UN body rules Spanish woman was subject to racism

31st July 2009, Comments 0 comments

A black woman of US origin won a 17-year legal battle to prove that she was a victim of racism when Spanish police stopped her in a train station to produce identity papers.

Geneva – A Spanish woman won a 17-year legal battle Friday to prove she had been subject to racist treatment by police in the country when a UN rights body ruled in her favour.

Rosalind Williams Lecraft, a black woman of US origin, launched the legal campaign in December 1992 after police stopped her in a train station in the northern city of Valladolid.

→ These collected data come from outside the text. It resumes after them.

section \<open>Limit points of the outer sequence\<close>

lemma bcv_stop_limit:
  fixes x lo hi a :: "nat \<Rightarrow> real^'n" and g :: "nat \<Rightarrow> real^'n \<Rightarrow> real^'n"
  assumes stop: "\<forall>\<^sub>F k in sequentially. bcv_stop (lo k) (hi k) (a k) (g k) (eps k) (del k) (x k)"
    and lims: "x \<longlonglongrightarrow> x0" "lo \<longlonglongrightarrow> lo0" "hi \<longlonglongrightarrow> hi0" "a \<longlonglongrightarrow> a0" "(\<lambda>k. g k (x k)) \<longlonglongrightarrow> g0"
      "eps \<longlonglongrightarrow> 0" "del \<longlonglongrightarrow> 0"
    and a0: "\<And>i. a0$i \<noteq> 0"
    and i: "lo0$i < x0$i" and j: "x0$j < hi0$j"
  shows "g0$i / a0$i \<le> g0$j / a0$j"
proof -
  have "(\<lambda>k. x k $ i - (lo k $ i + eps k / a k $ i)) \<longlonglongrightarrow> x0$i - (lo0$i + 0 / a0$i)"
    "(\<lambda>k. (hi k $ j - eps k / a k $ j) - x k $ j) \<longlonglongrightarrow> (hi0$j - 0 / a0$j) - x0$j"
    using lims a0 by (intro tendsto_intros tendsto_vec_nth; simp)+
  hence "\<forall>\<^sub>F k in sequentially. lo k $ i + eps k / a k $ i < x k $ i"
    "\<forall>\<^sub>F k in sequentially. x k $ j < hi k $ j - eps k / a k $ j"
    using i j by (auto dest: order_tendstoD(1)[where a = 0])
  with stop have "\<forall>\<^sub>F k in sequentially. (g k (x k))$i / a k $ i - (g k (x k))$j / a k $ j \<le> del k"
  proof eventually_elim
    case (elim k)
    hence "\<not> bcv_pair (lo k) (hi k) (a k) (g k) (eps k) (del k) (x k) i j" by (simp add: bcv_stop_def)
    thus ?case using elim by (auto simp: bcv_pair_def Iminus_def Iplus_def)
  qed
  moreover have "(\<lambda>k. (g k (x k))$i / a k $ i - (g k (x k))$j / a k $ j) \<longlonglongrightarrow> g0$i / a0$i - g0$j / a0$j"
    using lims a0 by (intro tendsto_intros tendsto_vec_nth) auto
  ultimately have "g0$i / a0$i - g0$j / a0$j \<le> 0"
    using tendsto_le[OF trivial_limit_sequentially lims(7)] by blast
  thus ?thesis by simp
qed
(* Let $G$ be a finitely generated free abelian group and $N$ a $\mathbb{Z}[G]$-module admitting two injective presentations $0\to\mathbb{Z}[G]^a\xrightarrow{P}\mathbb{Z}[G]^b\xrightarrow{\pi}N\to0$ and $0\to\mathbb{Z}[G]^{a'}\xrightarrow{P'}\mathbb{Z}[G]^{b'}\xrightarrow{\pi'}N\to0$ with $b-a=b'-a'=d$. For $u_1,\dots,u_d\in N$ set $\mathcal{A}_P(u_1\wedge\cdots\wedge u_d)=\det[P\,|\,\bar u_1\cdots\bar u_d]\in\mathbb{Z}[G]$ with $\pi(\bar u_j)=u_j$, and similarly $\mathcal{A}_{P'}$. Then $\mathcal{A}_P$ does not depend on the lifts $\bar u_j$, and there is a single element $\epsilon g\in\pm G\subset\mathbb{Z}[G]$ with $\mathcal{A}_{P'}=\epsilon g\cdot\mathcal{A}_P$ on all of $\wedge^d_{\mathbb{Z}[G]}N$. In particular, for a connected sutured cobordism $(Y,\Gamma)$ with $H_2(\overline Y,\overline R^+)=0$, the $\mathbb{Z}[G]$-valued Alexander function on $\wedge^d_{\mathbb{Z}[G]}H_1(\overline Y,\overline R^+)$, $d=-\chi(Y,R^+)$, depends up to global multiplication by $\pm G$ only on the module $H_1(\overline Y,\overline R^+)$ and $d$.
   Context: For a connected sutured cobordism $(Y,\Gamma)$ (compact oriented 3-manifold whose boundary contains the incoming/outgoing surfaces and regions $R^+,R^-$), $G=H_1(Y)/\mathrm{tors}(H_1(Y))$, $p\colon\overline Y\to Y$ is the maximal free abelian cover (deck group $G$), $\overline R^+=p^{-1}(R^+)$, and $H_1(\overline Y,\overline R^+)$ is a $\mathbb{Z}[G]$-module; when $H_2(\overline Y,\overline R^+)=0$ it admits an injective presentation matrix of deficiency $d$ (coming from a relative CW structure with $a$ 2-cells and $b$ 1-cells, $b-a=d$), and the Alexander function $\mathcal{A}^{\mathbb{Z}[G]}_{Y,\Gamma}$ is $\mathcal{A}_P$ for such $P$ (and $0$ if $H_2(\overline Y,\overline R^+)\neq0$). An injective presentation of deficiency $d$ is an exact sequence as in the claim with $b-a=d$. *)

theory Defs
  imports "HOL-Library.Poly_Mapping" "Jordan_Normal_Form.Determinant"
begin

text \<open>The group ring Z[G] of the free abelian group G = Z^n, where n = CARD('n):
  finitely supported functions G -> int with convolution product.\<close>
type_synonym 'n grpring = "(('n \<Rightarrow>\<^sub>0 int) \<Rightarrow>\<^sub>0 int)"
(* Let $\mathcal L:\mathbb R^V\supset\mathrm{Dom}(\mathcal L)\to\mathbb R^V$ be a linear operator with $\mathcal C_{\mathrm{fs}}(\mathcal G)\subset\mathrm{Dom}(\mathcal L)$ such that (1) $\mathcal L$ is a rough differential operator, and (2) $\mathcal L$ satisfies a two-sided rough comparison principle. Then ${}^{\mathcal O}\mathrm{Ric}_{\mathcal L}(x,y)$ is finite for all distinct $x,y\in V$.
   Context: $\mathcal G$ is a locally finite graph with vertex set $V$ and a distance $\mathrm d$ on $V$ with $(V,\mathrm d)$ complete. $\mathcal C_{\mathrm{fs}}(\mathcal G)$ = finitely supported functions on $V$; $\mathrm{Lip}(1)$ = functions with $|f(u)-f(v)|\le\mathrm d(u,v)$; $\nabla_{xy}f=(f(y)-f(x))/\mathrm d(x,y)$. The operator-theoretic Ollivier–Ricci curvature is \[ {}^{\mathcal O}\mathrm{Ric}_{\mathcal L}(x,y):=\inf\{\nabla_{yx}\mathcal Lf:\ f\in\mathcal C_{\mathrm{fs}}(\mathcal G)\cap\mathrm{Lip}(1),\ \nabla_{xy}f=1\}. \] $\mathcal L$ is a rough differential operator if constants lie in its domain and kernel ($\mathcal L1=0$). $\mathcal L$ satisfies a two-sided rough comparison principle if there is a function $C:V\to[0,\infty)$ such that for every $f\in\mathrm{Dom}(\mathcal L)\cap\mathrm{Lip}(1)$ having a global minimum at $x$, $|\mathcal Lf(x)|\le C(x)$. *)

theory Defs
  imports Complex_Main "HOL-Library.Extended_Real"
begin

text \<open>Vertex set V is the (arbitrary) type 'v; the graph is a symmetric,
irreflexive, locally finite edge relation E.\<close>

definition locally_finite_graph :: "('v \<Rightarrow> 'v \<Rightarrow> bool) \<Rightarrow> bool" where
  "locally_finite_graph E \<longleftrightarrow>
     (\<forall>x y. E x y \<longrightarrow> E y x) \<and> (\<forall>x. \<not> E x x) \<and> (\<forall>x. finite {y. E x y})"

definition is_metric :: "('v \<Rightarrow> 'v \<Rightarrow> real) \<Rightarrow> bool" where
  "is_metric d \<longleftrightarrow>
     (\<forall>x y. 0 \<le> d x y) \<and> (\<forall>x y. d x y = 0 \<longleftrightarrow> x = y) \<and>
     (\<forall>x y. d x y = d y x) \<and> (\<forall>x y z. d x z \<le> d x y + d y z)"

definition complete_dist :: "('v \<Rightarrow> 'v \<Rightarrow> real) \<Rightarrow> bool" where
  "complete_dist d \<longleftrightarrow>
     (\<forall>X :: nat \<Rightarrow> 'v.
        (\<forall>e>0. \<exists>N. \<forall>m\<ge>N. \<forall>n\<ge>N. d (X m) (X n) < e) \<longrightarrow>
        (\<exists>l. \<forall>e>0. \<exists>N. \<forall>n\<ge>N. d (X n) l < e))"

definition walk :: "('v \<Rightarrow> 'v \<Rightarrow> bool) \<Rightarrow> 'v list \<Rightarrow> bool" where
  "walk E xs \<longleftrightarrow> xs \<noteq> [] \<and> (\<forall>i. Suc i < length xs \<longrightarrow> E (xs ! i) (xs ! Suc i))"

definition walk_length :: "('v \<Rightarrow> 'v \<Rightarrow> real) \<Rightarrow> 'v list \<Rightarrow> real" where
  "walk_length d xs = (\<Sum>i<length xs - 1. d (xs ! i) (xs ! Suc i))"

definition graph_distance :: "('v \<Rightarrow> 'v \<Rightarrow> bool) \<Rightarrow> ('v \<Rightarrow> 'v \<Rightarrow> real) \<Rightarrow> bool" where
  "graph_distance E d \<longleftrightarrow> is_metric d \<and>
     (\<forall>x y. (\<exists>xs. walk E xs \<and> hd xs = x \<and> last xs = y) \<and>
            d x y = Inf {walk_length d xs | xs. walk E xs \<and> hd xs = x \<and> last xs = y})"

definition finitely_supported :: "('v \<Rightarrow> real) \<Rightarrow> bool" where
  "finitely_supported f \<longleftrightarrow> finite {v. f v \<noteq> 0}"

definition lip1 :: "('v \<Rightarrow> 'v \<Rightarrow> real) \<Rightarrow> ('v \<Rightarrow> real) \<Rightarrow> bool" where
  "lip1 d f \<longleftrightarrow> (\<forall>u v. \<bar>f u - f v\<bar> \<le> d u v)"

definition nabla :: "('v \<Rightarrow> 'v \<Rightarrow> real) \<Rightarrow> 'v \<Rightarrow> 'v \<Rightarrow> ('v \<Rightarrow> real) \<Rightarrow> real" where
  "nabla d x y f = (f y - f x) / d x y"

text \<open>Operator Ollivier--Ricci curvature, as an extended real (Inf of the empty set is +\<infinity>).\<close>

definition ORic :: "('v \<Rightarrow> 'v \<Rightarrow> real) \<Rightarrow> (('v \<Rightarrow> real) \<Rightarrow> ('v \<Rightarrow> real)) \<Rightarrow> 'v \<Rightarrow> 'v \<Rightarrow> ereal" where
  "ORic d L x y = Inf {ereal (nabla d y x (L f)) | f.
      finitely_supported f \<and> lip1 d f \<and> nabla d x y f = 1}"

definition linear_operator :: "('v \<Rightarrow> real) set \<Rightarrow> (('v \<Rightarrow> real) \<Rightarrow> ('v \<Rightarrow> real)) \<Rightarrow> bool" where
  "linear_operator Dom L \<longleftrightarrow>
     (\<lambda>_. 0) \<in> Dom \<and>
     (\<forall>f\<in>Dom. \<forall>g\<in>Dom. (\<lambda>v. f v + g v) \<in> Dom \<and> L (\<lambda>v. f v + g v) = (\<lambda>v. L f v + L g v)) \<and>
     (\<forall>f\<in>Dom. \<forall>c::real. (\<lambda>v. c * f v) \<in> Dom \<and> L (\<lambda>v. c * f v) = (\<lambda>v. c * L f v))"

definition rough_differential_operator :: "('v \<Rightarrow> real) set \<Rightarrow> (('v \<Rightarrow> real) \<Rightarrow> ('v \<Rightarrow> real)) \<Rightarrow> bool" where
  "rough_differential_operator Dom L \<longleftrightarrow> (\<forall>c::real. (\<lambda>_. c) \<in> Dom) \<and> L (\<lambda>_. 1) = (\<lambda>_. 0)"

definition two_sided_rough_comparison ::
  "('v \<Rightarrow> 'v \<Rightarrow> real) \<Rightarrow> ('v \<Rightarrow> real) set \<Rightarrow> (('v \<Rightarrow> real) \<Rightarrow> ('v \<Rightarrow> real)) \<Rightarrow> bool" where
  "two_sided_rough_comparison d Dom L \<longleftrightarrow>
     (\<exists>C :: 'v \<Rightarrow> real. (\<forall>x. 0 \<le> C x) \<and>
        (\<forall>f x. f \<in> Dom \<and> lip1 d f \<and> (\<forall>v. f x \<le> f v) \<longrightarrow> \<bar>L f x\<bar> \<le> C x))"

end

theory Submission
  imports Defs
begin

Lecraft, a Spanish citizen since 1969, claimed officers asked her to produce identity papers and she was the only person in the station targeted, according to the UN's Human Rights Committee.

Believing herself the victim of racism, Lecraft complained to the local authorities.

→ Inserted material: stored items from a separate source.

theorem proposition14:
  fixes Us :: "nat \<Rightarrow> real set \<times> real set" and U :: "real set \<times> real set"
    and M :: "nat \<Rightarrow> 'a measure" and X :: "nat \<Rightarrow> 'a \<Rightarrow> nat \<Rightarrow> real"
    and M0 :: "'b measure" and X0 :: "'b \<Rightarrow> nat \<Rightarrow> real"
  assumes U_in: "\<And>n. Us n \<in> U2" and U0_in: "U \<in> U2"
    and U_conv: "(\<lambda>n. dU2 (Us n) U) \<longlonglongrightarrow> 0"
    and prob: "\<And>n. prob_space (M n)" and prob0: "prob_space M0"
    and meas: "\<And>n i. i \<ge> 1 \<Longrightarrow> (\<lambda>\<omega>. X n \<omega> i) \<in> borel_measurable (M n)"
    and meas0: "\<And>i. i \<ge> 1 \<Longrightarrow> (\<lambda>\<omega>. X0 \<omega> i) \<in> borel_measurable M0"
    and range: "\<And>n i \<omega>. i \<ge> 1 \<Longrightarrow> \<omega> \<in> space (M n) \<Longrightarrow> X n \<omega> i \<in> {0..1}"
    and range0: "\<And>i \<omega>. i \<ge> 1 \<Longrightarrow> \<omega> \<in> space M0 \<Longrightarrow> X0 \<omega> i \<in> {0..1}"
    and dens: "\<And>n k. k \<ge> 1 \<Longrightarrow> \<exists>f. f \<in> borel_measurable (PiM {1..k} (\<lambda>_. lborel)) \<and>
         distr (M n) (PiM {1..k} (\<lambda>_. lborel)) (\<lambda>\<omega>. restrict (X n \<omega>) {1..k})
           = density (PiM {1..k} (\<lambda>_. lborel)) f"
    and dens0: "\<And>k. k \<ge> 1 \<Longrightarrow> \<exists>f. f \<in> borel_measurable (PiM {1..k} (\<lambda>_. lborel)) \<and>
         distr M0 (PiM {1..k} (\<lambda>_. lborel)) (\<lambda>\<omega>. restrict (X0 \<omega>) {1..k})
           = density (PiM {1..k} (\<lambda>_. lborel)) f"
    and law_conv: "\<And>k (g :: (nat \<Rightarrow> real) \<Rightarrow> real). k \<ge> 1 \<Longrightarrow> continuous_on UNIV g \<Longrightarrow> bounded (range g) \<Longrightarrow>
         (\<lambda>n. integral\<^sup>L (M n) (\<lambda>\<omega>. g (vec_emb k (X n \<omega>))))
           \<longlonglongrightarrow> integral\<^sup>L M0 (\<lambda>\<omega>. g (vec_emb k (X0 \<omega>)))"
  shows "\<forall>k\<ge>1. \<forall>w :: nat list.
           (\<lambda>n. measure (M n) {\<omega> \<in> space (M n). paintbox (Us n) k (X n \<omega>) = w})
             \<longlonglongrightarrow> measure M0 {\<omega> \<in> space M0. paintbox U k (X0 \<omega>) = w}"
proof (intro allI impI)
  fix k :: nat and w :: "nat list" assume "1 \<le> k"
  have X: "\<And>n. (\<lambda>\<omega>. vec_emb k (X n \<omega>)) \<in> borel_measurable (M n)"
    and X0: "(\<lambda>\<omega>. vec_emb k (X0 \<omega>)) \<in> borel_measurable M0"
    using meas meas0 by (auto intro!: measurable_vec_emb)
  have generic: "AE \<omega> in M0. vec_emb k (X0 \<omega>) \<in> generic_points U k"
    using dens0[OF \<open>1 \<le> k\<close>] meas0 range0 by (auto intro!: AE_generic_points)
  have events: "{\<omega> \<in> space (M n). paintbox (Us n) k (X n \<omega>) \<in> S} \<in> sets (M n)" for n S
    using meas by (intro sets_Collect_paintbox[OF U_in]) auto
  have robust: "\<exists>\<epsilon>>0. \<forall>\<^sub>F n in sequentially. \<forall>y. l1_dist k x y < \<epsilon> \<longrightarrow> paintbox (Us n) k y \<in> S"
    if x_S: "paintbox U k x \<in> S" and x: "x \<in> generic_points U k" for x S
  proof -
    obtain \<epsilon> where "\<epsilon> > 0" and
      "\<forall>\<^sub>F n in sequentially. \<forall>y. l1_dist k x y < \<epsilon> \<longrightarrow> paintbox (Us n) k y = paintbox U k x"
      using paintbox_locally_constant[OF U0_in U_in U_conv x] by blast
    then show ?thesis using x_S by (auto elim!: eventually_mono)
  qed
  have lower: "\<forall>\<^sub>F n in sequentially. measure M0 {\<omega> \<in> space M0. paintbox U k (X0 \<omega>) \<in> S} - e
      < measure (M n) {\<omega> \<in> space (M n). paintbox (Us n) k (X n \<omega>) \<in> S}" if "e > 0" for S e
    using eventually_measure_gt_of_robust[OF prob prob0 X X0 law_conv[OF \<open>1 \<le> k\<close>] _ generic _ that,
        where k = k and A = "{y. paintbox U k y \<in> S}" and B = "\<lambda>n. {y. paintbox (Us n) k y \<in> S}"]
      events robust by (simp add: paintbox_vec_emb)
  show "(\<lambda>n. measure (M n) {\<omega> \<in> space (M n). paintbox (Us n) k (X n \<omega>) = w})
      \<longlonglongrightarrow> measure M0 {\<omega> \<in> space M0. paintbox U k (X0 \<omega>) = w}"
    using events[of _ "{w}"] sets_Collect_paintbox[OF U0_in, of k X0 M0 "{w}"] meas0
      lower[of _ "{w}"] lower[of _ "- {w}"]
    by (intro tendsto_measure_of_eventually_gt[OF prob prob0]) auto
qed

end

They refused her complaint, as did various other bodies over the next nine years including the country's interior ministry.

She then took her allegations to the UN's Geneva-based committee, who Friday judged Spanish police had subjected Lecraft to the identity check "solely because of her racial characteristics".

These characteristics were "the main reason to suspect her" of acting outside the law, according to a decision issued by the body.

The committee said when authorities carry out identity checks, physical or ethnic characteristics cannot be considered as an indicator that the individual is illegally in the country.

The body, composed of 18 experts charged with ensuring UN members follow international rights agreements, ordered Spain to make amends to Lecraft for any suffering caused by the incident.

Lecraft has said the police check left her suffering from "social phobia".